theorem proposition1:
  fixes S :: "'a::{ab_group_add,finite} set"
    and \<Sigma> :: "('a \<Rightarrow> complex) set"
    and \<mu> :: "nat \<Rightarrow> real"
    and \<phi> :: "nat \<Rightarrow> 'a \<Rightarrow> complex"
    and \<sigma> :: "'a \<Rightarrow> complex"
  assumes S_sym: "uminus ` S = S"
    and Sigma_sub: "\<Sigma> \<subseteq> dual_group"
    and Sigma_sym: "dual_inv ` \<Sigma> = \<Sigma>"
    and card_le: "card \<Sigma> \<le> card S"
    and mu_mono: "\<And>i j. 1 \<le> i \<Longrightarrow> i \<le> j \<Longrightarrow> j \<le> card \<Sigma> \<Longrightarrow> \<mu> j \<le> \<mu> i"
    and mu_nz: "\<And>\<nu>. \<nu> \<in> {1..card \<Sigma>} \<Longrightarrow> \<mu> \<nu> \<noteq> 0"
    and eigen: "\<And>\<nu>. \<nu> \<in> {1..card \<Sigma>} \<Longrightarrow>
        proj_P \<Sigma> (mult_Q S (\<phi> \<nu>)) = (\<lambda>s. complex_of_real (\<mu> \<nu>) * \<phi> \<nu> s)"
    and orthonormal: "\<And>\<nu> \<nu>'. \<nu> \<in> {1..card \<Sigma>} \<Longrightarrow> \<nu>' \<in> {1..card \<Sigma>} \<Longrightarrow>
        l2_inner (\<phi> \<nu>) (\<phi> \<nu>') = (if \<nu> = \<nu>' then 1 else 0)"
    and sigma_dual: "\<sigma> \<in> dual_group"
  shows "(\<Sum>\<nu>\<in>{1..card \<Sigma>}. \<mu> \<nu> * (cmod (fourier_transform (\<phi> \<nu>) \<sigma>))\<^sup>2)
         = real (card S) / real (card (UNIV::'a set)) * (if \<sigma> \<in> \<Sigma> then 1 else 0)"
proof -
  let ?I = "{1..card \<Sigma>}"
  let ?A = "\<lambda>\<nu>. fourier_transform (\<phi> \<nu>)"
  let ?M = "\<lambda>\<tau> \<sigma>'. l2_inner (mult_Q S (\<lambda>s. fourier s \<tau>)) (\<lambda>s. fourier s \<sigma>')"
  have fin: "finite \<Sigma>"
    using Sigma_sub finite_dual_group by (rule finite_subset)
  have mu_nz': "complex_of_real (\<mu> \<nu>) \<noteq> 0" if "\<nu> \<in> ?I" for \<nu>
    using mu_nz[OF that] by simp
  have rows: "(\<Sum>\<tau>\<in>\<Sigma>. ?A \<nu> \<tau> * cnj (?A \<nu>' \<tau>)) = (if \<nu> = \<nu>' then 1 else 0)"
    if "\<nu> \<in> ?I" "\<nu>' \<in> ?I" for \<nu> \<nu>'
    using orthonormal[OF that] l2_inner_of_fourier_expansion[OF eigenvector_fourier_expansion,
        OF fin Sigma_sub eigen[OF that(1)] mu_nz'[OF that(1)], of "\<phi> \<nu>'"]
    by simp
  have columns: "(\<Sum>\<nu>\<in>?I. ?A \<nu> \<tau> * cnj (?A \<nu> \<tau>')) = (if \<tau> = \<tau>' then 1 else 0)"
    if "\<tau> \<in> \<Sigma>" "\<tau>' \<in> \<Sigma>" for \<tau> \<tau>'
    by (rule orthonormal_columns_if_orthonormal_rows[OF _ fin _ rows that]) simp_all
  show ?thesis
  proof (cases "\<sigma> \<in> \<Sigma>")
    case True
    have "complex_of_real (\<mu> \<nu>) * ?A \<nu> \<sigma> = (\<Sum>\<tau>\<in>\<Sigma>. ?A \<nu> \<tau> * ?M \<tau> \<sigma>)" if "\<nu> \<in> ?I" for \<nu>
      by (rule eigenvector_fourier_equation[OF fin Sigma_sub eigen[OF that] mu_nz'[OF that] True])
    then have "complex_of_real (\<Sum>\<nu>\<in>?I. \<mu> \<nu> * (cmod (?A \<nu> \<sigma>))\<^sup>2) = ?M \<sigma> \<sigma>"
      by (rule diagonal_entry_eq_eigenvalue_weighted_sum[where A = ?A and M = ?M,
            OF fin True _ columns[OF _ True]])
    also have "\<dots> = complex_of_real (real (card S) / real (card (UNIV::'a set)))"
      by (simp add: l2_inner_mult_Q_fourier_self[OF sigma_dual])
    finally show ?thesis
      using True by (simp only: of_real_eq_iff) simp
  next
    case False
    have "?A \<nu> \<sigma> = 0" if "\<nu> \<in> ?I" for \<nu>
      using eigenvector_fourier_transform[OF fin Sigma_sub eigen[OF that] sigma_dual] mu_nz'[OF that] False
      by simp
    then show ?thesis
      using False by simp
  qed
qed
lemma killed_gen_lyap_le:
  assumes k: "0 < k" and N: "6 * k \<le> N" and x: "x \<in> {1..4*k}"
    and d: "\<forall>j\<in>{2..k-1}. 0 \<le> d j"
  shows "gen_apply {1..4*k} (killed_gen N k d (4*k)) (lyap k) x
           \<le> block_part N k (\<lambda>z. lyap k z - lyap k x) x
             + left_boundary_part k d (\<lambda>z. lyap k z - lyap k x) x"
proof -
  \<comment> \<open>Killing replaces lyap by 0 off A; this only lowers the drift, as lyap \<ge> 0
    wherever the card can land.\<close>
  define F where "F z = (if z \<in> {1..4*k} then lyap k z else 0) - lyap k x" for z
  have F_le: "F z \<le> lyap k z - lyap k x" if "z \<le> 5 * k" for z
    using lyap_nonneg[OF k that] by (auto simp: F_def)
  have A: "{1..min (4*k) N} = {1..4*k}" using N by simp
  have "gen_apply {1..4*k} (killed_gen N k d (4*k)) (lyap k) x = (\<Sum>z\<in>{1..N}. sk_rate N k d x z * F z)"
    using gen_apply_killed_gen[of x "4*k" N k d "lyap k"] x unfolding A F_def by simp
  also have "\<dots> = block_part N k F x + left_boundary_part k d F x"
    using k N x by (intro sum_sk_rate_left) (auto simp: F_def)
  also have "\<dots> \<le> block_part N k (\<lambda>z. lyap k z - lyap k x) x
                   + left_boundary_part k d (\<lambda>z. lyap k z - lyap k x) x"
    unfolding block_part_def left_boundary_part_def
  proof (intro add_mono sum_mono)
    fix i assume "i \<in> {1..N+1-k}"
    show "(if x \<in> {i..i+k-1} then (\<Sum>z\<in>{i..i+k-1}. F z) / k else 0)
        \<le> (if x \<in> {i..i+k-1} then (\<Sum>z\<in>{i..i+k-1}. lyap k z - lyap k x) / k else 0)"
      using x F_le by (auto intro!: divide_right_mono sum_mono)
  next
    fix j assume "j \<in> {2..k-1}"
    then show "(if x \<le> j then d j * (\<Sum>z\<in>{1..j}. F z) / j else 0)
        \<le> (if x \<le> j then d j * (\<Sum>z\<in>{1..j}. lyap k z - lyap k x) / j else 0)"
      using d F_le by (auto intro!: divide_right_mono mult_left_mono sum_mono)
  qed
  finally show ?thesis .
qed

lemma lyap_drift:
  assumes k: "2 \<le> k" and N: "6 * k \<le> N" and x: "x \<in> {1..4*k}"
    and d: "\<forall>j\<in>{2..k-1}. 0 \<le> d j \<and> d j \<le> 1"
  shows "gen_apply {1..4*k} (killed_gen N k d (4*k)) (lyap k) x \<le> -1"
proof -
  have k0: "0 < k" using k by simp
  have blocks: "block_part N k (\<lambda>z. lyap k z - lyap k x) x
      = (\<Sum>i\<in>{max 1 (x+1-k)..<x+1}. (\<Sum>z\<in>{i..i+k-1}. lyap k z - lyap k x) / k)"
    using N x by (intro block_part_eq) auto
  have drift: "gen_apply {1..4*k} (killed_gen N k d (4*k)) (lyap k) x
      \<le> block_part N k (\<lambda>z. lyap k z - lyap k x) x + left_boundary_part k d (\<lambda>z. lyap k z - lyap k x) x"
    using d by (intro killed_gen_lyap_le[OF k0 N x]) auto
  show ?thesis
  proof (cases "k \<le> x")
    case True
    have range: "max 1 (x+1-k) = x+1-k"
      using True by simp
    have "left_boundary_part k d (\<lambda>z. lyap k z - lyap k x) x = 0"
      unfolding left_boundary_part_def using True by (intro sum.neutral) auto
    then show ?thesis
      using drift lyap_blocks_far[OF k True] unfolding blocks range by linarith
  next
    case False
    have range: "{max 1 (x+1-k)..<x+1} = {1..<1+x}"
      using False by auto
    show ?thesis
      using drift lyap_blocks_near[of x k] left_boundary_part_lyap_le[OF k0 _ d, of x] False x
      unfolding blocks range by auto
  qed
qed

lemma survival_4k_le_half:
  assumes k: "2 \<le> k" and N: "6 * k \<le> N" and d: "\<forall>j\<in>{2..k-1}. 0 \<le> d j \<and> d j \<le> 1"
  shows "survival N k d (4 * k) 600 x \<le> 1 / 2"
proof (cases "x \<in> {1..4*k}")
  case True
  have A: "{1..min (4*k) N} = {1..4*k}" using N by simp
  have "survival N k d (4 * k) 600 x \<le> lyap k x / 600"
    using survival_le_of_lyapunov[of k d "4*k" N "lyap k" x 600] lyap_nonneg[of k] lyap_drift[OF k N _ d] d k True
    unfolding A by auto
  also have "\<dots> \<le> 1 / 2"
    using lyap_le[of k x] by simp
  finally show ?thesis .
next
  case False
  then show ?thesis
    using survival_outside[of x "4*k" N] N by simp
qed

theorem lemma5p2:
  shows "\<exists>C c :: real. C > 0 \<and> 0 < c \<and> c < 1 \<and>
    (\<forall>(k :: nat \<Rightarrow> nat) (\<delta> :: nat \<Rightarrow> nat \<Rightarrow> real).
       (\<lambda>N. real (k N)) \<in> o(\<lambda>N. real N) \<and> (\<forall>N. 2 \<le> k N) \<and>
       (\<forall>N j. 2 \<le> j \<and> j \<le> k N - 1 \<longrightarrow> 0 \<le> \<delta> N j \<and> \<delta> N j \<le> 1) \<longrightarrow>
       (\<forall>\<^sub>F N in sequentially. \<forall>x\<in>{1..N}.
          survival N (k N) (\<delta> N) (4 * k N) C x \<le> c))"
proof -
  have "\<forall>\<^sub>F N in sequentially. \<forall>x\<in>{1..N}. survival N (k N) (\<delta> N) (4 * k N) 600 x \<le> 1 / 2"
    if small: "(\<lambda>N. real (k N)) \<in> o(\<lambda>N. real N)" and k: "\<forall>N. 2 \<le> k N"
      and \<delta>: "\<forall>N j. 2 \<le> j \<and> j \<le> k N - 1 \<longrightarrow> 0 \<le> \<delta> N j \<and> \<delta> N j \<le> 1"
    for k :: "nat \<Rightarrow> nat" and \<delta> :: "nat \<Rightarrow> nat \<Rightarrow> real"
  proof -
    have "\<forall>\<^sub>F N in sequentially. real (k N) \<le> 1 / 6 * real N"
      using landau_o.smallD[OF small, of "1 / 6"] by simp
    then show ?thesis
      by (rule eventually_mono) (use k \<delta> survival_4k_le_half in auto)
  qed
  then show ?thesis
    by (intro exI[of _ 600] exI[of _ "1 / 2"]) auto
qed

end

* **PROBLEM TO WORK ON**: In the records above, how many lines hold the string "rule"? Respond with that number only.

* **ANSWER AREA**: 5